The data must be written out once more, precisely as given.

────────

lemma braid_act_sweep_left_True:
  "length A = i \<Longrightarrow> braid_act X op (sweep_left True i k) (A @ replicate k r @ x # B)
     = A @ x # replicate k (op r x) @ B"
proof (induction k arbitrary: B)
  case (Suc k)
  have split: "A @ replicate (Suc k) r @ x # B = (A @ replicate k r) @ r # x # B"
    by (simp add: replicate_append_same[symmetric])
  have "length (A @ replicate k r) = i + k" using Suc.prems by simp
  note letter = braid_letter_act_True[OF this]
  have "braid_act X op (sweep_left True i (Suc k)) (A @ replicate (Suc k) r @ x # B)
      = braid_act X op (sweep_left True i k) ((A @ replicate k r) @ x # op r x # B)"
    unfolding sweep_left_Suc braid_act_Cons split letter ..
  also have "\<dots> = A @ x # replicate (Suc k) (op r x) @ B"
    using Suc.IH[OF Suc.prems] by (simp add: replicate_append_same[symmetric])
  finally show ?case .
qed (simp add: sweep_left_def)

lemma braid_act_sweep_left_False:
  "length A = i \<Longrightarrow> braid_act X op (sweep_left False i k) (A @ replicate k r @ x # B)
     = A @ (rdiv r ^^ k) x # replicate k r @ B"
proof (induction k arbitrary: x B)
  case (Suc k)
  have split: "A @ replicate (Suc k) r @ x # B = (A @ replicate k r) @ r # x # B"
    by (simp add: replicate_append_same[symmetric])
  have "length (A @ replicate k r) = i + k" using Suc.prems by simp
  note letter = braid_letter_act_False[OF this]
  have "braid_act X op (sweep_left False i (Suc k)) (A @ replicate (Suc k) r @ x # B)
      = braid_act X op (sweep_left False i k) ((A @ replicate k r) @ rdiv r x # r # B)"
    unfolding sweep_left_Suc braid_act_Cons split letter ..
  also have "\<dots> = A @ (rdiv r ^^ Suc k) x # replicate (Suc k) r @ B"
    using Suc.IH[OF Suc.prems]
    by (simp add: replicate_append_same[symmetric] funpow_Suc_right del: funpow.simps)
  finally show ?case .
qed (simp add: sweep_left_def)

────────

**Worked solution**.
lemma braid_act_sweep_left_True:
  "length A = i \<Longrightarrow> braid_act X op (sweep_left True i k) (A @ replicate k r @ x # B)
     = A @ x # replicate k (op r x) @ B"
proof (induction k arbitrary: B)
  case (Suc k)
  have split: "A @ replicate (Suc k) r @ x # B = (A @ replicate k r) @ r # x # B"
    by (simp add: replicate_append_same[symmetric])
  have "length (A @ replicate k r) = i + k" using Suc.prems by simp
  note letter = braid_letter_act_True[OF this]
  have "braid_act X op (sweep_left True i (Suc k)) (A @ replicate (Suc k) r @ x # B)
      = braid_act X op (sweep_left True i k) ((A @ replicate k r) @ x # op r x # B)"
    unfolding sweep_left_Suc braid_act_Cons split letter ..
  also have "\<dots> = A @ x # replicate (Suc k) (op r x) @ B"
    using Suc.IH[OF Suc.prems] by (simp add: replicate_append_same[symmetric])
  finally show ?case .
qed (simp add: sweep_left_def)

lemma braid_act_sweep_left_False:
  "length A = i \<Longrightarrow> braid_act X op (sweep_left False i k) (A @ replicate k r @ x # B)
     = A @ (rdiv r ^^ k) x # replicate k r @ B"
proof (induction k arbitrary: x B)
  case (Suc k)
  have split: "A @ replicate (Suc k) r @ x # B = (A @ replicate k r) @ r # x # B"
    by (simp add: replicate_append_same[symmetric])
  have "length (A @ replicate k r) = i + k" using Suc.prems by simp
  note letter = braid_letter_act_False[OF this]
  have "braid_act X op (sweep_left False i (Suc k)) (A @ replicate (Suc k) r @ x # B)
      = braid_act X op (sweep_left False i k) ((A @ replicate k r) @ rdiv r x # r # B)"
    unfolding sweep_left_Suc braid_act_Cons split letter ..
  also have "\<dots> = A @ (rdiv r ^^ Suc k) x # replicate (Suc k) r @ B"
    using Suc.IH[OF Suc.prems]
    by (simp add: replicate_append_same[symmetric] funpow_Suc_right del: funpow.simps)
  finally show ?case .
qed (simp add: sweep_left_def)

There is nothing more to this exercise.